The cellphone revolution started in my adult lifetime, with those first brick-sized items costing around the price of a decent used car (I’ve definitely spent less than $4,000 on a car in modern money, let alone at 1983 values). Now Burmese farmers can video their revolution, or perhaps oppression, on $20 Androids. Mr. Daimler and Mr. Benz sold an entire 35 of their first car model. It was 30 years before Henry Ford brought the freedom of personal transport to the working man with his Model T. We actually know the day that Queen Elizabeth I gained her first pair of stockings — it’s in her diary. It took the arrival of the Industrial Revolution for every mill girl to have her own.

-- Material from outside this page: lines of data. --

lemma has_tight_cycle_decomposition_image:
  assumes "has_tight_cycle_decomposition k E" "inj_on f (\<Union>E)"
  shows "has_tight_cycle_decomposition k ((`) f ` E)"
proof -
  obtain C where C: "\<forall>c\<in>C. tight_cycle k c"
    "\<forall>c\<in>C. \<forall>d\<in>C. c \<noteq> d \<longrightarrow> cycle_edges c \<inter> cycle_edges d = {}" "(\<Union>c\<in>C. cycle_edges c) = E"
    using assms(1) unfolding has_tight_cycle_decomposition_def by blast
  have sub: "\<Union>(cycle_edges c) \<subseteq> \<Union>E" if "c \<in> C" for c using C(3) that by blast
  show ?thesis unfolding has_tight_cycle_decomposition_def
  proof (intro exI[of _ "map f ` C"] conjI ballI impI)
    fix c' assume "c' \<in> map f ` C"
    then obtain c where c: "c \<in> C" "c' = map f c" by blast
    have "inj_on f (set c)"
      using inj_on_subset[OF assms(2) order_trans[OF set_subset_Union_cycle_edges sub[OF c(1)]]] .
    thus "tight_cycle k c'" using C(1) c by (auto simp: tight_cycle_def distinct_map)
  next
    fix c' d' assume cd: "c' \<in> map f ` C" "d' \<in> map f ` C" "c' \<noteq> d'"
    then obtain c d where c: "c \<in> C" "c' = map f c" and d: "d \<in> C" "d' = map f d" by blast
    with cd have "c \<noteq> d" by auto
    hence dis: "cycle_edges c \<inter> cycle_edges d = {}" using C(2) c d by blast
    show "cycle_edges c' \<inter> cycle_edges d' = {}"
    proof (rule ccontr)
      assume "cycle_edges c' \<inter> cycle_edges d' \<noteq> {}"
      then obtain S1 S2 where S: "S1 \<in> cycle_edges c" "S2 \<in> cycle_edges d" "f ` S1 = f ` S2"
        using c d by (auto simp: cycle_edges_map)
      have "S1 \<subseteq> \<Union>E" "S2 \<subseteq> \<Union>E" using S sub c d by blast+
      hence "S1 = S2" using S(3) assms(2) by (simp add: inj_on_image_eq_iff)
      thus False using S dis by blast
    qed
  next
    show "(\<Union>c\<in>map f ` C. cycle_edges c) = (`) f ` E"
      using C(3) by (auto simp: cycle_edges_map)
  qed
qed

lemma K3_partite_eq:
  assumes "A \<inter> B = {}" "A \<inter> C = {}" "B \<inter> C = {}"
  shows "K3_partite A B C = {{a, b, c} |a b c. a \<in> A \<and> b \<in> B \<and> c \<in> C}"
proof (intro set_eqI iffI)
  fix T assume "T \<in> K3_partite A B C"
  hence T: "T \<subseteq> A \<union> B \<union> C" "card (T \<inter> A) = 1" "card (T \<inter> B) = 1" "card (T \<inter> C) = 1"
    by (auto simp: K3_partite_def)
  obtain a b c where abc: "T \<inter> A = {a}" "T \<inter> B = {b}" "T \<inter> C = {c}"
    using T(2-4) by (auto simp: card_1_singleton_iff)
  hence "T = {a, b, c}" using T(1) by blast
  with abc show "T \<in> {{a, b, c} |a b c. a \<in> A \<and> b \<in> B \<and> c \<in> C}" by blast
next
  fix T assume "T \<in> {{a, b, c} |a b c. a \<in> A \<and> b \<in> B \<and> c \<in> C}"
  then obtain a b c where T: "T = {a, b, c}" "a \<in> A" "b \<in> B" "c \<in> C" by blast
  hence "T \<inter> A = {a}" "T \<inter> B = {b}" "T \<inter> C = {c}" "a \<noteq> b" "a \<noteq> c" "b \<noteq> c"
    using assms by blast+
  with T show "T \<in> K3_partite A B C" by (auto simp: K3_partite_def)
qed

lemma K3_split_eq:
  assumes "A \<inter> B = {}"
  shows "K3_split A B = {{x, y, b} |x y b. x \<in> A \<and> y \<in> A \<and> x \<noteq> y \<and> b \<in> B}"
proof (intro set_eqI iffI)
  fix T assume "T \<in> K3_split A B"
  hence T: "T \<subseteq> A \<union> B" "card (T \<inter> A) = 2" "card (T \<inter> B) = 1"
    by (auto simp: K3_split_def)
  obtain x y b where xyb: "T \<inter> A = {x, y}" "x \<noteq> y" "T \<inter> B = {b}"
    using T(2,3) by (auto simp: card_1_singleton_iff card_2_iff)
  hence "T = {x, y, b}" using T(1) by blast
  with xyb show "T \<in> {{x, y, b} |x y b. x \<in> A \<and> y \<in> A \<and> x \<noteq> y \<and> b \<in> B}" by blast
next
  fix T assume "T \<in> {{x, y, b} |x y b. x \<in> A \<and> y \<in> A \<and> x \<noteq> y \<and> b \<in> B}"
  then obtain x y b where T: "T = {x, y, b}" "x \<in> A" "y \<in> A" "x \<noteq> y" "b \<in> B" by blast
  hence "T \<inter> A = {x, y}" "T \<inter> B = {b}" "x \<noteq> b" "y \<noteq> b"
    using assms by blast+
  with T show "T \<in> K3_split A B" by (auto simp: K3_split_def)
qed

lemma K3_partite_eq_image_Times:
  assumes "A \<inter> B = {}" "A \<inter> C = {}" "B \<inter> C = {}"
  shows "K3_partite A B C = (\<lambda>(a, b, c). {a, b, c}) ` (A \<times> B \<times> C)"
  unfolding K3_partite_eq[OF assms] by auto

lemma K3_split_eq_image_Times:
  assumes "A \<inter> B = {}"
  shows "K3_split A B = (\<lambda>((x, y), b). {x, y, b}) ` (Set.filter (\<lambda>(x, y). x \<noteq> y) (A \<times> A) \<times> B)"
  unfolding K3_split_eq[OF assms] by force

lemma card_image_Int_image:
  assumes "inj_on f U" "T \<subseteq> U" "S \<subseteq> U"
  shows "card (f ` T \<inter> f ` S) = card (T \<inter> S)"
proof -
  have "f ` T \<inter> f ` S = f ` (T \<inter> S)"
    using assms by (simp add: inj_on_image_Int)
  thus ?thesis
    using assms by (metis card_image inj_on_subset le_infI1)
qed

This is the thing that this strange mixture of capitalism and free markets is observably, empirically excellent at doing: taking those expensive items enjoyed by the rich and making them cheap, cheap, cheap for the mass market.

There does need to be that group doing the experimentation though. We need those who have the resources to fritter away on things that might work, might not. It’s possible to argue, as many do, that government should be doing this cost-benefit analysis. But with the evidence, no government has developed marketplaces of cheap cellphones, mass-market cars, or affordable women’s clothing.

One reason we leave Bezos, Elon Musk, Steve Jobs, and Bill Gates, etc., with some goodly portion of the money they’ve made is the entirely practical rationale that, by doing so, we encourage the next generation to have its go. It’s not a matter of justice, equality, equity, or even righteousness. It’s just the simple, hard-headed calculation that by leaving the rich to play with their toys, the system will deliver a richer future for our children. It’s been working for 250 years now. Ending the process, as Warren apparently desires, is not something that future generations would thank us for.